Cooking, other than bread baking, is done on a compressed gas cylinder. A device to hold a pot or pan is attatched to the top of the cylinder and it makes a one burner stove. The tagine is set on that. The gas cylinder is in constant use for tea making, although some families use a charcoal burner as was done before the gas cylinders were available.

I once saw a girl who worked in the Peace Corps trying to convince a gathering of Berbers to use a solar device to cook their food. In that way they would not have to buy the gas cylinders. The device was a box with a glass lid. A person would prepare the tagine (stew) in the morning and set it in the box. The sun would cook it over the course of the day. I think the box cost 500 MAD at the time, which would have been about $50.00 USD. I remarked that that was a large amount for most of the families and the girl said yes, but in the long run they would save much more.

I myself wouldn’t have wanted one, if I were a Berber housewife. I’d have had to change my routine and make dinner right after breakfast and I wouldn’t feel like it. But most of all, I’d want to smell my dinner cooking and if you used the solar box, sitting out there in the yard, you wouldn’t be able to smell your food. You couldn’t anticipate the deliciousness of the meat and vegetables bathed in sauce. A daily pleasure would be missing.
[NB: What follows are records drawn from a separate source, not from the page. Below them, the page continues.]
lemma cancel_append:
  "v = [] \<or> x = [] \<or> K (last v) (hd x) \<noteq> 0 \<Longrightarrow>
     cancel K ra (v @ x) = cancel K (rev (cancel K ra v)) x"
proof (induction K ra v rule: cancel.induct)
  case (1 K v)
  then show ?case using cancel_without_cancellation[of v x K "[]"] by (cases "v = []") simp_all
next
  case (2 K a ra)
  then show ?case by simp
next
  case (3 K a ra b v)
  show ?case
  proof (cases "K a b = 0")
    case True
    with "3.prems" show ?thesis using "3.IH" by (cases "v = []") simp_all
  next
    case False
    then show ?thesis
      using cancel_without_cancellation[of "b # v" x K "a # ra"] "3.prems" by simp
  qed
qed

lemma gmult_append:
  "v = [] \<or> x = [] \<or> K (last v) (hd x) \<noteq> 0 \<Longrightarrow> gmult K g (v @ x) = gmult K (gmult K g v) x"
  unfolding gmult_def by (rule cancel_append)

lemma cancel_in_semigrp:
  "\<forall>a<k. \<forall>b<k. K a b \<in> {0, 1} \<Longrightarrow> rev ra \<in> semigrp k K \<Longrightarrow> h \<in> semigrp k K \<Longrightarrow>
     cancel K ra h \<in> semigrp k K"
proof (induction K ra h rule: cancel.induct)
  case (3 K' a ra b h)
  then have "a < k" "b < k" by (auto simp: semigrp_append semigrp_Cons)
  then consider "K' a b = 0" | "K' a b = 1" using "3.prems"(1) by fastforce
  then show ?case
  proof cases
    case 1
    with "3.prems" show ?thesis using "3.IH" by (auto simp: semigrp_append semigrp_Cons)
  next
    case 2
    with "3.prems" show ?thesis by (auto simp: semigrp_append semigrp_Cons)
  qed
qed simp_all
(* In the planar algebra $\mathcal P$ described in the context, the traces are: $\mathrm{tr}(\emptyset)=1$, $\mathrm{tr}(P_1)=2$, $\mathrm{tr}(P_2)=3$, $\mathrm{tr}(P_3)=4$, $\mathrm{tr}(P_4)=3$, $\mathrm{tr}(P_5)=2$, $\mathrm{tr}(P_6)=1$, $\mathrm{tr}(Q_4)=2$.
   Context: $\mathcal P$ is the unshaded planar algebra generated by a self-adjoint $S\in\mathcal P_4$ modulo: (i) a closed loop equals $2$; (ii) $S$ is uncuppable, uncappable and unsidecappable (multiplying by any Temperley–Lieb cup/cap element $e_j$ on top or bottom gives 0, and its left and right partial traces vanish); (iii) $S^2=6f^{(4)}+S$; (iv) the jellyfish relation: the rainbowed $S$ (all 8 strands bent to the bottom over the right) with an extra strand passing above it equals the same with the extra strand passing below the box, crossing over its 8 strands, crossings defined by the Kauffman rule crossing $=i\cdot(\text{A-smoothing})-i\cdot(\text{B-smoothing})$. Jones–Wenzl projections: $f^{(1)}=X$ (single strand), $f^{(k+1)}=f^{(k)}\otimes X-\frac{k}{k+1}(f^{(k)}\otimes X)e_k(f^{(k)}\otimes X)$, where $e_k$ has a cap and cup at positions $k,k+1$. Define $P_1=X$, $P_2=f^{(2)}$, $P_3=f^{(3)}$, $P_4=\frac35f^{(4)}-\frac15S$, $Q_4=\frac25f^{(4)}+\frac15S$, $P_5=P_4\otimes X-\frac43(P_4\otimes X)e_4(P_4\otimes X)$, $P_6=P_5\otimes X-\frac32(P_5\otimes X)e_5(P_5\otimes X)$. $\mathrm{tr}$ is the (right) trace, closing up all strands. *)

theory Defs
  imports Complex_Main
begin

section \<open>Unshaded planar algebras, presented as C-linear strict pivotal dagger categories
  generated by one symmetrically self-dual object (the single strand X)\<close>

text \<open>Hom k l is the space of diagrams with k boundary points at the bottom and l at the top;
  the n-box space P_n is Hom n n.  cmp g f is "g on top of f" (g after f), tns f g places
  f to the left of g.\<close>

record 'm pa =
  Hom  :: "nat \<Rightarrow> nat \<Rightarrow> 'm set"
  cmp  :: "'m \<Rightarrow> 'm \<Rightarrow> 'm"
  tns  :: "'m \<Rightarrow> 'm \<Rightarrow> 'm"
  idn  :: "nat \<Rightarrow> 'm"
  cupm :: 'm
  capm :: 'm
  scl  :: "complex \<Rightarrow> 'm \<Rightarrow> 'm"
  adj  :: "'m \<Rightarrow> 'm"

fun ev :: "'m pa \<Rightarrow> nat \<Rightarrow> 'm" where
  "ev A 0 = idn A 0"
| "ev A (Suc n) = cmp A (ev A n) (tns A (tns A (idn A n) (capm A)) (idn A n))"

fun coev :: "'m pa \<Rightarrow> nat \<Rightarrow> 'm" where
  "coev A 0 = idn A 0"
| "coev A (Suc n) = cmp A (tns A (tns A (idn A n) (cupm A)) (idn A n)) (coev A n)"

text \<open>Right and left transposes (rotations by pi) of x in Hom k l.\<close>
definition rtrans :: "'m pa \<Rightarrow> nat \<Rightarrow> nat \<Rightarrow> 'm \<Rightarrow> 'm" where
  "rtrans A k l x = cmp A (tns A (idn A k) (ev A l))
      (cmp A (tns A (tns A (idn A k) x) (idn A l)) (tns A (coev A k) (idn A l)))"
(* Consider the tree model of size $L$ (described in the context) in which the root value is chosen uniformly at random in $[0,1]$, and let $\Theta$ be the number of open paths. Then $\mathbb{E}^*(\Theta)=1$ and $$\lim_{L\to\infty}\frac{\operatorname{Var}^*(\Theta)}{L}=1.$$
   Context: Tree model of size $L$: a deterministic rooted tree with levels $0,1,\ldots,L$; the root is at level $0$, and every node at level $k$ ($0\le k\le L-1$) has exactly $L-k$ children at level $k+1$, so there are $L!$ leaves and $L!$ root-to-leaf paths. Every leaf carries the value $1$; the root carries a value $x\in[0,1]$; every other node carries an independent uniform random value on $[0,1]$. A root-to-leaf path is open if the values along it form a strictly increasing sequence; $\Theta$ is the number of open paths. $\mathbb{E}^*$ and $\operatorname{Var}^*$ denote expectation and variance when the root value is itself uniform on $[0,1]$ and independent of the other values. *)

theory Defs
  imports "HOL-Probability.Probability"
begin

text \<open>A node at level k is identified with the list
  [c_1,...,c_k] of child indices chosen from the root, where the child index
  at depth j (0-based) satisfies c < L - j (a node at level j has L - j children).
  The root is the empty list; leaves are the lists of length L.\<close>

definition tree_node :: "nat \<Rightarrow> nat list \<Rightarrow> bool" where
  "tree_node L xs \<longleftrightarrow> length xs \<le> L \<and> (\<forall>j<length xs. xs ! j < L - j)"

definition random_nodes :: "nat \<Rightarrow> nat list set" where
  "random_nodes L = {xs. tree_node L xs \<and> length xs < L}"

text \<open>Root-to-leaf paths, identified with the leaves.\<close>
definition tree_paths :: "nat \<Rightarrow> nat list set" where
  "tree_paths L = {xs. tree_node L xs \<and> length xs = L}"

definition tree_space :: "nat \<Rightarrow> (nat list \<Rightarrow> real) measure" where
  "tree_space L = PiM (random_nodes L) (\<lambda>_. uniform_measure lborel {0..1::real})"

definition node_value :: "nat \<Rightarrow> (nat list \<Rightarrow> real) \<Rightarrow> nat list \<Rightarrow> real" where
  "node_value L \<omega> xs = (if length xs = L then 1 else \<omega> xs)"

definition open_path :: "nat \<Rightarrow> (nat list \<Rightarrow> real) \<Rightarrow> nat list \<Rightarrow> bool" where
  "open_path L \<omega> xs \<longleftrightarrow>
     (\<forall>k<L. node_value L \<omega> (take k xs) < node_value L \<omega> (take (Suc k) xs))"

definition Theta :: "nat \<Rightarrow> (nat list \<Rightarrow> real) \<Rightarrow> real" where
  "Theta L \<omega> = real (card {xs \<in> tree_paths L. open_path L \<omega> xs})"

definition Var_star :: "nat \<Rightarrow> real" where
  "Var_star L = (\<integral>\<omega>. (Theta L \<omega> - (\<integral>\<omega>'. Theta L \<omega>' \<partial>tree_space L))\<^sup>2 \<partial>tree_space L)"

end

theory Submission
  imports Defs
begin

text \<open>
  The number of open paths is the sum of the indicators of the L! paths. Encoding nodes by
  their prefixes, a path is open iff the values at its L random nodes (the root included)
  increase and stay below 1, an event of probability 1/L!; hence the expectation is 1.

  Two paths whose longest common prefix has length m share the nodes of levels 0..m and
  have a = L - 1 - m random nodes of their own. Integrating out the values from the leaves
  towards the root, each private chain above a value t contributes (1 - t)^a / a!, and the
  shared chain then gives the probability (2a)! / (a!^2 (L + a)!) that both paths are open.
  Counting pairs of paths by m, the variance becomes the sum over a < L of
  a * C(2a, a) / C(L + a, a). A Wilf-Zeilberger certificate turns this sum into a
  first-order recurrence in L, and the recurrence keeps the variance within a constant of L.
\<close>

abbreviation U01 :: "real measure" where
  "U01 \<equiv> uniform_measure lborel {0..1}"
We all remember the days when someone else did the cooking for us. We’d walk into the house and smell dinner. It is one of the life’s pleasures.  My mother was a good cook and I can remember coming in on a cold day and the warm house would be filled with the smell of frying chicken and baking biscuits. I took it for granted then. I had no idea how much pleasure her cooking gave to all our lives.